── Records provided ──

lemma root_poly_add: "root_poly (\<lambda>i. a i + b i) = root_poly a \<otimes>\<^bsub>S[X]\<^esub> root_poly b"
proof -
  have "root_poly (\<lambda>i. a i + b i)
      = finprod (S[X]) (\<lambda>i. lin i [^]\<^bsub>S[X]\<^esub> a i \<otimes>\<^bsub>S[X]\<^esub> lin i [^]\<^bsub>S[X]\<^esub> b i) {..<q}"
    unfolding root_poly_def using lin_closed by (intro UP.finprod_cong') (auto simp: UP.nat_pow_mult)
  also have "\<dots> = root_poly a \<otimes>\<^bsub>S[X]\<^esub> root_poly b"
    unfolding root_poly_def using lin_closed by (intro UP.finprod_multf) auto
  finally show ?thesis .
qed

lemma const_term_root_poly: "const_term (root_poly e) \<noteq> \<zero>"
proof -
  have "eval (root_poly e) \<zero> \<noteq> \<zero>" unfolding root_poly_def
  proof (rule eval_finprod_not_zero[OF S])
    fix i assume i: "i \<in> {..<q}"
    have "\<zero> \<ominus> \<alpha> i \<noteq> \<zero>" using \<alpha>_closed \<alpha>_not_zero i by (simp add: a_minus_def)
    then show "lin i [^]\<^bsub>S[X]\<^esub> e i \<in> carrier (S[X]) \<and> eval (lin i [^]\<^bsub>S[X]\<^esub> e i) \<zero> \<noteq> \<zero>"
      using eval_lin_pow[of i \<zero>] nat_pow_not_zero \<alpha>_closed i lin_closed by (auto simp: a_minus_def)
  qed auto
  thus ?thesis by (simp add: const_term_def)
qed

text \<open>\<open>\<alpha>\<^sub>i\<close> is a root of \<open>root_poly a\<close> exactly when \<open>a i > 0\<close>.\<close>

lemma root_poly_neq:
  assumes i: "i < q" and ai: "a i > 0" and bi: "b i = 0"
  shows "root_poly a \<noteq> root_poly b"
proof
  assume eq: "root_poly a = root_poly b"
  have z: "\<alpha> i \<in> carrier R" using \<alpha>_closed i .
  have "eval (root_poly a) (\<alpha> i) = \<zero>" unfolding root_poly_def
  proof (rule eval_finprod_eq_zero[OF S _ z _ _])
    have "\<alpha> i \<ominus> \<alpha> i = \<zero>" using z by (simp add: a_minus_def r_neg)
    then show "eval (lin i [^]\<^bsub>S[X]\<^esub> a i) (\<alpha> i) = \<zero>"
      using eval_lin_pow[OF i z] ai by (simp add: nat_pow_zero)
  qed (use i lin_closed in auto)
  moreover have "eval (root_poly b) (\<alpha> i) \<noteq> \<zero>" unfolding root_poly_def
  proof (rule eval_finprod_not_zero[OF S _ z])
    fix j assume j: "j \<in> {..<q}"
    have "(\<alpha> i \<ominus> \<alpha> j) [^] b j \<noteq> \<zero>"
    proof (cases "j = i")
      case True then show ?thesis using bi by simp
    next
      case False
      hence "\<alpha> i \<noteq> \<alpha> j" using \<alpha>_inj i j by (auto dest: inj_onD)
      hence "\<alpha> i \<ominus> \<alpha> j \<noteq> \<zero>" using z \<alpha>_closed j by simp
      then show ?thesis using nat_pow_not_zero z \<alpha>_closed j by simp
    qed
    then show "lin j [^]\<^bsub>S[X]\<^esub> b j \<in> carrier (S[X]) \<and> eval (lin j [^]\<^bsub>S[X]\<^esub> b j) (\<alpha> i) \<noteq> \<zero>"
      using eval_lin_pow[of j "\<alpha> i"] lin_closed j z by auto
  qed auto
  ultimately show False using eq by simp
qed

lemma root_poly_eq_imp_eq:
  assumes disjoint: "\<And>i. i < q \<Longrightarrow> a i = 0 \<or> b i = 0"
    and eq: "root_poly a = root_poly b" and i: "i < q"
  shows "a i = b i"
  using root_poly_neq[OF i, of a b] root_poly_neq[OF i, of b a] disjoint[OF i] eq by (metis neq0_conv)

lemma two_delta_le_dL:
  assumes u: "u \<in> J q n" and v: "v \<in> J q n" and uv: "u \<noteq> v"
    and top: "\<And>j. j \<in> {1..<\<delta> - 1} \<Longrightarrow> coeff (root_poly ((!) u)) (n - j) = coeff (root_poly ((!) v)) (n - j)"
    and const: "const_term (root_poly ((!) u)) = const_term (root_poly ((!) v))"
  shows "2 * \<delta> \<le> dL u v"
proof (rule ccontr)
  assume close: "\<not> 2 * \<delta> \<le> dL u v"
  define m where "m i = min (u ! i) (v ! i)" for i
  define x where "x i = u ! i - m i" for i
  define y where "y i = v ! i - m i" for i
  define w where "w = (\<Sum>i<q. x i)"
  have mw: "(\<Sum>i<q. m i) + w = n" and "dL u v = 2 * w"
    using J_excess[OF u v] unfolding m_def x_def y_def w_def by simp_all
  then have "w < \<delta>" using close by simp
  have ux: "(!) u = (\<lambda>i. m i + x i)" and vy: "(!) v = (\<lambda>i. m i + y i)"
    by (auto simp: x_def y_def m_def)
  define G where "G = root_poly m"
  define D where "D = root_poly x \<ominus>\<^bsub>S[X]\<^esub> root_poly y"
  define E where "E = root_poly ((!) u) \<ominus>\<^bsub>S[X]\<^esub> root_poly ((!) v)"
  have GD: "G \<in> carrier (S[X])" "D \<in> carrier (S[X])"
    unfolding G_def D_def using root_poly_closed by simp_all
  have EGD: "E = G \<otimes>\<^bsub>S[X]\<^esub> D"
  proof -
    have "root_poly x \<in> carrier (S[X])" "root_poly y \<in> carrier (S[X])" by (rule root_poly_closed)+
    then show ?thesis unfolding E_def D_def ux vy root_poly_add G_def[symmetric] using GD(1) by algebra
  qed
  have "D \<noteq> \<zero>\<^bsub>S[X]\<^esub>"
  proof
    assume "D = \<zero>\<^bsub>S[X]\<^esub>"
    then have eq: "root_poly x = root_poly y" unfolding D_def using root_poly_closed by simp
    have disjoint: "\<And>i. i < q \<Longrightarrow> x i = 0 \<or> y i = 0" by (auto simp: x_def y_def m_def)
    have "x i = y i" if "i < q" for i by (rule root_poly_eq_imp_eq[OF disjoint eq that])
    then have "u = v" using u v ux vy by (intro nth_equalityI) (auto simp: J_def fun_eq_iff)
    then show False using uv by simp
  qed
  moreover have "G \<noteq> \<zero>\<^bsub>S[X]\<^esub>" using monic_root_poly unfolding G_def by (simp add: univ_poly_zero monic_def)
  ultimately have D: "D \<noteq> []" and E: "E \<noteq> []"
    using UP.integral[OF _ GD] EGD by (auto simp: univ_poly_zero)
  have "degree (root_poly ((!) u)) = n" "degree (root_poly ((!) v)) = n"
    using u v degree_root_poly[of "(!) u"] degree_root_poly[of "(!) v"]
    by (auto simp: J_def sum_list_sum_nth atLeast0LessThan)
  then have low_degree: "degree E + (\<delta> - 1) \<le> n"
    using E unfolding E_def by (intro degree_monic_minus_le[OF S]) (use root_poly_closed monic_root_poly top in auto)
  have "const_term E = \<zero>"
    unfolding E_def const_term_univ_poly_minus[OF S root_poly_closed root_poly_closed] const
    using const_term_simprules_shell(1)[OF S root_poly_closed[of "(!) v"]] subringE(1)[OF S]
    by (auto simp: a_minus_def r_neg)
  then have "degree G < degree E"
    unfolding EGD G_def by (rule degree_less_mult_if_const_term_zero[OF S root_poly_closed
        const_term_root_poly GD(2) D])
  moreover have "degree G = n - w" using degree_root_poly[of m] mw unfolding G_def by simp
  ultimately show False using low_degree \<open>w < \<delta>\<close> by linarith
qed

end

───

#### [What is required]
Copy every line of the data where "assumes" is found.

#### [Output below]
  assumes i: "i < q" and ai: "a i > 0" and bi: "b i = 0"
  assumes disjoint: "\<And>i. i < q \<Longrightarrow> a i = 0 \<or> b i = 0"
  assumes u: "u \<in> J q n" and v: "v \<in> J q n" and uv: "u \<noteq> v"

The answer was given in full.